Excerpts from a dataset:
+ + +
(* Let $G>0$, $\bar\rho>0$, and let $W$ and $g$ be as in the context. Let $T>0$, $\mu\in\mathbb{R}$, and let $q:[0,T)\to[0,\infty)$ and $\varphi:[0,1]\to[0,\infty)$ be twice differentiable, with $\varphi(0)=\varphi''(0)=0$ and $\varphi'>0$ on $[0,1]$. Define \[ \lambda(R)=\begin{cases}\varphi(R)/R, & R\in(0,1],\\ \varphi'(0), & R=0,\end{cases}\qquad y(R)=\frac{\varphi'(R)}{\lambda(R)},\quad R\in[0,1]. \] Assume that \[ \begin{cases} \displaystyle \frac{\varphi^2}{R^5}\,\partial_R\Big(\frac{R^4}{\varphi}\,g'(y)\Big) + \frac{\varphi}{R^2}\,g(y) = \Big(\frac{4\pi}{3}G\bar\rho + \mu\,\lambda^3\Big)\bar\rho^{-\frac13}\,\varphi,\\[2mm] g'(y(1))=0,\qquad \varphi(1)=1, \end{cases} \] and that $q^2\ddot q=\mu$ on $[0,T)$ with $q(0)=1$. Then $\phi(t,R)=q(t)\varphi(R)$ satisfies \[ \begin{cases} \displaystyle \phi_{tt} - \bar\rho^{\frac13}\Big[\frac{1}{R^2\phi}\,\partial_R\Big(\frac{R^4}{\phi}\,g'(Y)\Big) + \frac{R}{\phi^2}\,g(Y)\Big] + \frac{4\pi}{3}R^3 G\bar\rho\,\phi^{-2}=0,\\[2mm] g'(Y(t,1))=0, \end{cases} \] where $\Lambda(t,R)=\phi(t,R)/R$ for $R\in(0,1]$, $\Lambda(t,0)=\phi_R(t,0)$, and $Y(t,R)=\phi_R(t,R)/\Lambda(t,R)$.
   Context: The strain-energy function $W:GL_+(3,\mathbb{R})\to\mathbb{R}$ is continuously differentiable, objective ($W(OF)=W(F)$) and isotropic ($W(FO)=W(F)$) for all $O\in SO(3,\mathbb{R})$, homogeneous of degree $-1$ ($W(\sigma F)=\sigma^{-1}W(F)$ for $\sigma>0$), and normalized by $W(I)=\bar\rho^{1/3}$. For $y>0$ and unit vector $\omega\in\mathbb{S}^2$, $g(y)=\bar\rho^{-1/3}W(I+(y-1)\,\omega\otimes\omega)$, which is independent of $\omega$. The second displayed system is the Lagrangian equation for spherically symmetric flow maps $x(t,X)=\phi(t,|X|)X/|X|$ of a self-gravitating hyperelastic body occupying the unit ball in reference configuration with traction-free boundary. *)

theory Defs
  imports "HOL-Analysis.Analysis"
begin

definition GLplus3 :: "(real^3^3) set" where
  "GLplus3 = {F. det F > 0}"

definition SO3 :: "(real^3^3) set" where
  "SO3 = {Q. orthogonal_matrix Q \<and> det Q = 1}"

definition outer :: "real^3 \<Rightarrow> real^3 \<Rightarrow> real^3^3" where
  "outer a b = (\<chi> i j. a $ i * b $ j)"

definition C1_on_GLplus :: "(real^3^3 \<Rightarrow> real) \<Rightarrow> bool" where
  "C1_on_GLplus W \<longleftrightarrow> (\<exists>W'. (\<forall>F\<in>GLplus3. (W has_derivative blinfun_apply (W' F)) (at F))
        \<and> continuous_on GLplus3 W')"

definition Lam_of :: "(real \<Rightarrow> real) \<Rightarrow> real \<Rightarrow> real" where
  "Lam_of f R = (if R = 0 then vector_derivative f (at 0 within {0..1}) else f R / R)"

definition Y_of :: "(real \<Rightarrow> real) \<Rightarrow> real \<Rightarrow> real" where
  "Y_of f R = vector_derivative f (at R within {0..1}) / Lam_of f R"

end

theory Submission
  imports Defs
begin

(*
  Y is invariant under the scaling phi |-> q(t) phi, so for Phi = q phi the radial flux is the
  flux of the profile divided by q(t), and the elastic bracket becomes q(t)^(-2) times the left
  side of the profile equation. Its term mu lambda^3 is then cancelled exactly by
  Phi_tt = q'' phi = mu phi / q^2.

  The analytic point is q > 0 on [0,T). At a first zero t1 > 0 we would have mu = q^2 q'' = 0,
  hence q'' = 0 on (0,t1), while q'(t1) = 0 because t1 is an interior minimum of q >= 0; so q is
  constant on [0,t1], contradicting q(0) = 1.
*)

lemma first_zero:
  fixes f :: "real \<Rightarrow> real"
  assumes cont: "continuous_on {a..b} f" and "a \<le> b" "f a \<noteq> 0" "f b = 0"
  obtains c where "a < c" "c \<le> b" "f c = 0" "\<And>x. a \<le> x \<Longrightarrow> x < c \<Longrightarrow> f x \<noteq> 0"
proof -
  define Z where "Z = {a..b} \<inter> f -` {0}"
  have "closed Z"
    unfolding Z_def by (rule continuous_closed_preimage[OF cont]) auto
  moreover have "b \<in> Z" and bdd: "bdd_below Z"
    using assms unfolding Z_def by (auto intro: bdd_belowI[of _ a])
  ultimately have "Inf Z \<in> Z"
    using closed_contains_Inf by blast
  moreover have "f x \<noteq> 0" if "a \<le> x" "x < Inf Z" for x
    using that cInf_lower[OF _ bdd, of x] \<open>Inf Z \<in> Z\<close> unfolding Z_def by force
  ultimately show thesis
    using that[of "Inf Z"] \<open>f a \<noteq> 0\<close> unfolding Z_def by (force simp: order_le_less)
qed
lemma mu_eq_0: "\<not> 0 < mu x y \<Longrightarrow> mu x y = 0"
  using mu_nonneg[of x y] by linarith

lemma edge_in_V: "0 < mu x y \<Longrightarrow> x \<in> V \<and> y \<in> V"
  using wgraph unfolding wgraph_def by blast

lemma finite_nbrs: "finite (nbrs x)"
proof (cases "x \<in> V")
  case True
  then show ?thesis using wgraph unfolding wgraph_def by blast
next
  case False
  then have "nbrs x = {}" using edge_in_V by blast
  then show ?thesis by simp
qed

lemma vertices_connected: "x \<in> V \<Longrightarrow> y \<in> V \<Longrightarrow> (x, y) \<in> {(a, b). 0 < mu a b}\<^sup>*"
  using wgraph unfolding wgraph_def by blast

lemma other_vertex:
  obtains y where "y \<in> V" "y \<noteq> x"
  using wgraph unfolding wgraph_def by metis

lemma nu_nonneg: "0 \<le> nu x"
  unfolding vweight_def by (rule sum_nonneg) auto

lemma mu_le_nu: "0 < mu x y \<Longrightarrow> mu x y \<le> nu x"
  unfolding vweight_def by (rule member_le_sum) (auto simp: finite_nbrs)

lemma nu_pos_if_edge: "0 < mu x y \<Longrightarrow> 0 < nu x"
  using mu_le_nu by fastforce

lemma nu_pos:
  assumes x: "x \<in> V"
  shows "0 < nu x"
proof -
  obtain y where y: "y \<in> V" "y \<noteq> x"
    by (rule other_vertex)
  from vertices_connected[OF x y(1)] y(2) obtain z where "0 < mu x z"
    by (cases rule: converse_rtranclE) auto
  then show ?thesis by (rule nu_pos_if_edge)
qed

lemma nu_trans_prob: "nu x * trans_prob mu x y = mu x y"
proof (cases "nu x = 0")
  case True
  then have "mu x y = 0" using nu_pos_if_edge mu_eq_0 by fastforce
  then show ?thesis by (simp add: trans_prob_def)
qed (simp add: trans_prob_def)

lemma trans_prob_nonneg: "0 \<le> trans_prob mu x y"
  unfolding trans_prob_def using mu_nonneg nu_nonneg by simp

lemma trans_prob_eq_0: "\<not> 0 < mu x y \<Longrightarrow> trans_prob mu x y = 0"
  using mu_eq_0 by (simp add: trans_prob_def)

lemma sum_step_prob_le_1: "finite F \<Longrightarrow> (\<Sum>y\<in>F. step_prob mu n x y) \<le> 1"
proof (induction n arbitrary: x)
  case 0
  then show ?case by (simp add: sum.delta')
next
  case (Suc n)
  have "(\<Sum>y\<in>F. step_prob mu (Suc n) x y) = (\<Sum>z\<in>nbrs x. trans_prob mu x z * (\<Sum>y\<in>F. step_prob mu n z y))"
    by (simp add: sum_distrib_left sum.swap[of _ F])
  also have "\<dots> \<le> (\<Sum>z\<in>nbrs x. trans_prob mu x z)"
    by (rule sum_mono) (use Suc trans_prob_nonneg in \<open>auto intro: mult_left_le\<close>)
  also have "\<dots> = (\<Sum>z\<in>nbrs x. mu x z) / nu x"
    unfolding trans_prob_def by (simp add: sum_divide_distrib)
  also have "\<dots> \<le> 1"
    unfolding vweight_def by (simp add: divide_le_eq_1)
  finally show ?case .
qed

lemma gmeasure_le_mass_bound:
  assumes c: "0 < c" and lower: "\<And>x. x \<in> A \<Longrightarrow> c \<le> f x"
    and mass: "\<And>F. finite F \<Longrightarrow> F \<subseteq> A \<Longrightarrow> (\<Sum>x\<in>F. f x * nu x) \<le> M"
  shows "gmeasure mu A \<le> ennreal (M / c)"
  unfolding gmeasure_def
proof (rule infsum_le_finite_sums)
  show "(\<lambda>x. ennreal (nu x)) summable_on A"
    by (rule nonneg_summable_on_complete) simp
  fix F assume F: "finite F" "F \<subseteq> A"
  have "c * (\<Sum>x\<in>F. nu x) \<le> (\<Sum>x\<in>F. f x * nu x)"
    unfolding sum_distrib_left
    using F lower nu_nonneg by (intro sum_mono mult_right_mono) auto
  also have "\<dots> \<le> M" using mass[OF F] .
  finally have "(\<Sum>x\<in>F. nu x) \<le> M / c"
    using c by (simp add: pos_le_divide_eq mult.commute)
  then show "(\<Sum>x\<in>F. ennreal (nu x)) \<le> ennreal (M / c)"
    by (simp add: sum_ennreal nu_nonneg ennreal_leI)
qed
+ + +
§ **HOW TO COMPLETE THIS TASK**
Your answer should be the exact lines above from the one with "(\<chi> i j." through the one with "(W' F)) (at F))", both included, and nothing besides.

§ **OUTPUT**
  "outer a b = (\<chi> i j. a $ i * b $ j)"

definition C1_on_GLplus :: "(real^3^3 \<Rightarrow> real) \<Rightarrow> bool" where
  "C1_on_GLplus W \<longleftrightarrow> (\<exists>W'. (\<forall>F\<in>GLplus3. (W has_derivative blinfun_apply (W' F)) (at F))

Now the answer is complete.